Given information below:

lemma grid_interval_shape:
  assumes I: "I \<in> grid_intervals n"
  obtains (one_row) r a b where "r \<in> {1, 2}" "1 \<le> a" "a \<le> b" "b \<le> n" "I = {r} \<times> {a..b}"
  | (two_rows) a1 b1 a2 b2 where "1 \<le> a2" "a2 \<le> a1" "a1 \<le> b2" "b2 \<le> b1" "b1 \<le> n"
      "I = {1} \<times> {a1..b1} \<union> {2} \<times> {a2..b2}"
proof -
  define R1 R2 where "R1 = {j. (1, j) \<in> I}" and "R2 = {j. (2, j) \<in> I}"
  have "fst x = 1 \<or> fst x = 2" if "x \<in> I" for x
    using that grid_interval_subset[OF I] by (auto simp: grid_V_def)
  then have I_rows: "I = {1} \<times> R1 \<union> {2} \<times> R2"
    by (auto simp: R1_def R2_def) (metis prod.collapse)+
  consider "R1 = {}" | "R2 = {}" | "R1 \<noteq> {}" "R2 \<noteq> {}" by blast
  then show ?thesis
  proof cases
    case 1
    then have "R2 \<noteq> {}" using I I_rows by (auto simp: grid_intervals_def)
    then obtain a b where "1 \<le> a" "a \<le> b" "b \<le> n" "R2 = {a..b}"
      using grid_interval_row[OF I _ R2_def] by blast
    then show ?thesis using one_row[of 2] I_rows 1 by simp
  next
    case 2
    then have "R1 \<noteq> {}" using I I_rows by (auto simp: grid_intervals_def)
    then obtain a b where "1 \<le> a" "a \<le> b" "b \<le> n" "R1 = {a..b}"
      using grid_interval_row[OF I _ R1_def] by blast
    then show ?thesis using one_row[of 1] I_rows 2 by simp
  next
    case 3
    obtain a1 b1 a2 b2 where R: "1 \<le> a1" "a1 \<le> b1" "b1 \<le> n" "R1 = {a1..b1}"
        "1 \<le> a2" "a2 \<le> b2" "b2 \<le> n" "R2 = {a2..b2}"
      using grid_interval_row[OF I 3(1) R1_def] grid_interval_row[OF I 3(2) R2_def] by metis
    obtain t where "(1, t) \<in> I" "(2, t) \<in> I"
      using 3 grid_interval_common_column[OF I] by (auto simp: R1_def R2_def)
    then have "t \<in> R1" "t \<in> R2" by (simp_all add: R1_def R2_def)
    then have "a1 \<le> b2" using R by auto
    have corners: "(1, a1) \<in> I" "(2, b2) \<in> I" using R by (auto simp: R1_def R2_def)
    have "(1, b2) \<in> I" "(2, a1) \<in> I"
      using grid_interval_convex[OF I corners] R \<open>a1 \<le> b2\<close> by (auto simp: grid_V_def)
    then have "b2 \<le> b1" "a2 \<le> a1" using R by (auto simp: R1_def R2_def)
    then show ?thesis using two_rows R I_rows \<open>a1 \<le> b2\<close> by simp
  qed
qed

End of Given information.

-- Task directions --
Wherever the word "noteq" occurs in the data, copy that whole line.

-- Response below --
  consider "R1 = {}" | "R2 = {}" | "R1 \<noteq> {}" "R2 \<noteq> {}" by blast
    then have "R2 \<noteq> {}" using I I_rows by (auto simp: grid_intervals_def)
    then have "R1 \<noteq> {}" using I I_rows by (auto simp: grid_intervals_def)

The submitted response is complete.